==== Records supplied ====
(* For every $n\ge1$, there is a bijection between the set of walks of length $2n-2$ in the path graph $P_7$ that start and end at the middle vertex $v_4$ and the set of rectangular permutations in $S_n$.
   Context: $P_7$ is the path graph with vertices $v_1,\dots,v_7$ and edges $v_iv_{i+1}$ for $1\le i\le 6$. A walk of length $\ell$ is a sequence of vertices $w_0,w_1,\dots,w_\ell$ with $w_{j-1}$ and $w_j$ adjacent for all $j$. A permutation is rectangular if it avoids the patterns $2413$, $2431$, $4213$ and $4231$. *)

theory Defs
  imports "HOL-Combinatorics.Permutations"
begin

definition P7_vertices :: "nat set" where
  "P7_vertices = {1..7}"

definition P7_adj :: "nat \<Rightarrow> nat \<Rightarrow> bool" where
  "P7_adj i j \<longleftrightarrow> i \<in> P7_vertices \<and> j \<in> P7_vertices \<and> (j = i + 1 \<or> i = j + 1)"

definition P7_walk :: "nat \<Rightarrow> nat list \<Rightarrow> bool" where
  "P7_walk l w \<longleftrightarrow> length w = l + 1 \<and> set w \<subseteq> P7_vertices \<and>
     (\<forall>j<l. P7_adj (w ! j) (w ! (j + 1)))"

definition P7_walks_v4 :: "nat \<Rightarrow> nat list set" where
  "P7_walks_v4 l = {w. P7_walk l w \<and> w ! 0 = 4 \<and> w ! l = 4}"

definition contains_pattern :: "nat \<Rightarrow> (nat \<Rightarrow> nat) \<Rightarrow> nat list \<Rightarrow> bool" where
  "contains_pattern n s tau \<longleftrightarrow>
     (\<exists>idx :: nat \<Rightarrow> nat. strict_mono_on {..<length tau} idx \<and>
        idx ` {..<length tau} \<subseteq> {1..n} \<and>
        (\<forall>a<length tau. \<forall>b<length tau. s (idx a) < s (idx b) \<longleftrightarrow> tau ! a < tau ! b))"

definition rectangular :: "nat \<Rightarrow> (nat \<Rightarrow> nat) \<Rightarrow> bool" where
  "rectangular n s \<longleftrightarrow>
     \<not> contains_pattern n s [2,4,1,3] \<and> \<not> contains_pattern n s [2,4,3,1] \<and>
     \<not> contains_pattern n s [4,2,1,3] \<and> \<not> contains_pattern n s [4,2,3,1]"

definition rect_perms :: "nat \<Rightarrow> (nat \<Rightarrow> nat) set" where
  "rect_perms n = {s. s permutes {1..n} \<and> rectangular n s}"

end

theory Submission
  imports Defs "HOL-Library.Sublist"
begin

(*
  Write c n for the number of rectangular permutations of {1..n} in one-line notation and
  t n for the number of those in which at least two entries follow the maximum n.  Deleting n
  shows that the ones ending in n, and the ones with exactly one entry after n, are each
  counted by c (n - 1).  Otherwise delete the entry x right after n and standardise: since the
  patterns n x r r' and v n r r' would be forbidden, all entries after x lie on one side of x
  and no entry before n separates x from them, so x is recovered as the least later entry or
  as one more than the largest.  This makes the deletion two-to-one onto the rectangular
  permutations of {1..n-1} in which n - 1 is not last, whence
    c n = 2 c (n - 1) + t n  and  t (n + 1) = 2 (c (n - 1) + t n).
  On the walk side, the numbers a k of closed walks of length 2k at v_4 and b k of walks of
  length 2k from v_4 to v_2 or v_6 satisfy a (k + 1) = 2 a k + b k and
  b (k + 1) = 2 a k + 2 b k; so a k = c (k + 1) and b k = t (k + 2) by induction.
*)

section \<open>Rectangular lists\<close>

definition forbidden_quad :: "nat \<Rightarrow> nat \<Rightarrow> nat \<Rightarrow> nat \<Rightarrow> bool" where
  "forbidden_quad a b c d \<longleftrightarrow>
     (c < a \<and> a < d \<and> d < b) \<or> (d < a \<and> a < c \<and> c < b) \<or>
     (c < b \<and> b < d \<and> d < a) \<or> (d < b \<and> b < c \<and> c < a)"

definition rect_list :: "nat list \<Rightarrow> bool" where
  "rect_list xs \<longleftrightarrow> (\<forall>a b c d. subseq [a, b, c, d] xs \<longrightarrow> \<not> forbidden_quad a b c d)"

lemma forbidden_quad_swap_last: "forbidden_quad a b d c \<longleftrightarrow> forbidden_quad a b c d"
  unfolding forbidden_quad_def by blast

lemma forbidden_quad_strict_mono_on:
  assumes "strict_mono_on S h" "a \<in> S" "b \<in> S" "c \<in> S" "d \<in> S"
  shows "forbidden_quad (h a) (h b) (h c) (h d) \<longleftrightarrow> forbidden_quad a b c d"
  using assms unfolding forbidden_quad_def by (simp add: strict_mono_on_less)

lemma subseq_mapE:
  assumes "subseq ys (map f xs)"
  obtains zs where "subseq zs xs" "ys = map f zs"
  using assms by (metis nths_map subseq_conv_nths)

lemma subseq_set_subset: "subseq xs ys \<Longrightarrow> set xs \<subseteq> set ys"
  by (metis set_nths_subset subseq_conv_nths)

lemma sorted_wrt_subseq: "subseq xs ys \<Longrightarrow> sorted_wrt R ys \<Longrightarrow> sorted_wrt R xs"
  by (induction rule: list_emb.induct) (auto dest: list_emb_set)

lemma subseq_pair:
  assumes "c \<in> set B" "d \<in> set B" "c \<noteq> d"
  shows "subseq [c, d] B \<or> subseq [d, c] B"
  using assms by (induction B) (auto simp: subseq_singleton_left)

lemma subseq_insertE:
  assumes "subseq zs (A @ x # B)"
  obtains "subseq zs (A @ B)" | P Q where "zs = P @ x # Q" "subseq P A" "subseq Q B"
proof -
  obtain zs1 zs2 where zs: "zs = zs1 @ zs2" "subseq zs1 A" "subseq zs2 (x # B)"
    using assms by (auto elim: subseq_appendE)
  show thesis
  proof (cases "subseq zs2 B")
    case True
    then show ?thesis using zs that(1) by (simp add: list_emb_append_mono)
  next
    case False
    then obtain Q where "zs2 = x # Q" "subseq Q B"
      using zs(3) by (cases zs2) (auto split: if_splits)
    then show ?thesis using zs that(2) by simp
  qed
qed

lemma rect_list_subseq: "subseq xs ys \<Longrightarrow> rect_list ys \<Longrightarrow> rect_list xs"
  unfolding rect_list_def by (meson subseq_order.order_trans)

lemma rect_list_remove: "rect_list (A @ x # B) \<Longrightarrow> rect_list (A @ B)"
proof -
  have "subseq (A @ B) (A @ [x] @ B)"
    by (intro list_emb_append_mono subseq_drop_many subseq_order.order_refl)
  then show "rect_list (A @ x # B) \<Longrightarrow> rect_list (A @ B)" by (simp add: rect_list_subseq)
qed

lemma rect_list_map:
  assumes "strict_mono_on (set xs) h" "rect_list xs"
  shows "rect_list (map h xs)"
  unfolding rect_list_def
proof (intro allI impI notI)
  fix a b c d
  assume "subseq [a, b, c, d] (map h xs)" "forbidden_quad a b c d"
  then obtain zs where zs: "subseq zs xs" "[a, b, c, d] = map h zs"
    by (auto elim: subseq_mapE)
  then obtain a' b' c' d' where "zs = [a', b', c', d']" "a = h a'" "b = h b'" "c = h c'" "d = h d'"
    by (auto simp: Cons_eq_map_conv)
  moreover have "set zs \<subseteq> set xs" using zs(1) by (rule subseq_set_subset)
  ultimately show False
    using \<open>forbidden_quad a b c d\<close> zs(1) assms
    by (auto simp: forbidden_quad_strict_mono_on rect_list_def)
qed

lemma rect_list_quad_across:
  assumes "rect_list (A @ B)" "subseq [a, b] A" "c \<in> set B" "d \<in> set B" "c \<noteq> d"
  shows "\<not> forbidden_quad a b c d"
  using subseq_pair[OF assms(3-5)]
proof
  assume "subseq [c, d] B"
  with assms(2) have "subseq ([a, b] @ [c, d]) (A @ B)" by (rule list_emb_append_mono)
  then show ?thesis using assms(1) by (simp add: rect_list_def)
next
  assume "subseq [d, c] B"
  with assms(2) have "subseq ([a, b] @ [d, c]) (A @ B)" by (rule list_emb_append_mono)
  then have "\<not> forbidden_quad a b d c" using assms(1) by (simp add: rect_list_def)
  then show ?thesis by (metis forbidden_quad_swap_last)
qed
====
• Task details: Beginning with the first line above, could you copy every line exactly, up to and including the one with "s [2,4,3,1] \<and>"?

• Written solution:
(* For every $n\ge1$, there is a bijection between the set of walks of length $2n-2$ in the path graph $P_7$ that start and end at the middle vertex $v_4$ and the set of rectangular permutations in $S_n$.
   Context: $P_7$ is the path graph with vertices $v_1,\dots,v_7$ and edges $v_iv_{i+1}$ for $1\le i\le 6$. A walk of length $\ell$ is a sequence of vertices $w_0,w_1,\dots,w_\ell$ with $w_{j-1}$ and $w_j$ adjacent for all $j$. A permutation is rectangular if it avoids the patterns $2413$, $2431$, $4213$ and $4231$. *)

theory Defs
  imports "HOL-Combinatorics.Permutations"
begin

definition P7_vertices :: "nat set" where
  "P7_vertices = {1..7}"

definition P7_adj :: "nat \<Rightarrow> nat \<Rightarrow> bool" where
  "P7_adj i j \<longleftrightarrow> i \<in> P7_vertices \<and> j \<in> P7_vertices \<and> (j = i + 1 \<or> i = j + 1)"

definition P7_walk :: "nat \<Rightarrow> nat list \<Rightarrow> bool" where
  "P7_walk l w \<longleftrightarrow> length w = l + 1 \<and> set w \<subseteq> P7_vertices \<and>
     (\<forall>j<l. P7_adj (w ! j) (w ! (j + 1)))"

definition P7_walks_v4 :: "nat \<Rightarrow> nat list set" where
  "P7_walks_v4 l = {w. P7_walk l w \<and> w ! 0 = 4 \<and> w ! l = 4}"

definition contains_pattern :: "nat \<Rightarrow> (nat \<Rightarrow> nat) \<Rightarrow> nat list \<Rightarrow> bool" where
  "contains_pattern n s tau \<longleftrightarrow>
     (\<exists>idx :: nat \<Rightarrow> nat. strict_mono_on {..<length tau} idx \<and>
        idx ` {..<length tau} \<subseteq> {1..n} \<and>
        (\<forall>a<length tau. \<forall>b<length tau. s (idx a) < s (idx b) \<longleftrightarrow> tau ! a < tau ! b))"

definition rectangular :: "nat \<Rightarrow> (nat \<Rightarrow> nat) \<Rightarrow> bool" where
  "rectangular n s \<longleftrightarrow>
     \<not> contains_pattern n s [2,4,1,3] \<and> \<not> contains_pattern n s [2,4,3,1] \<and>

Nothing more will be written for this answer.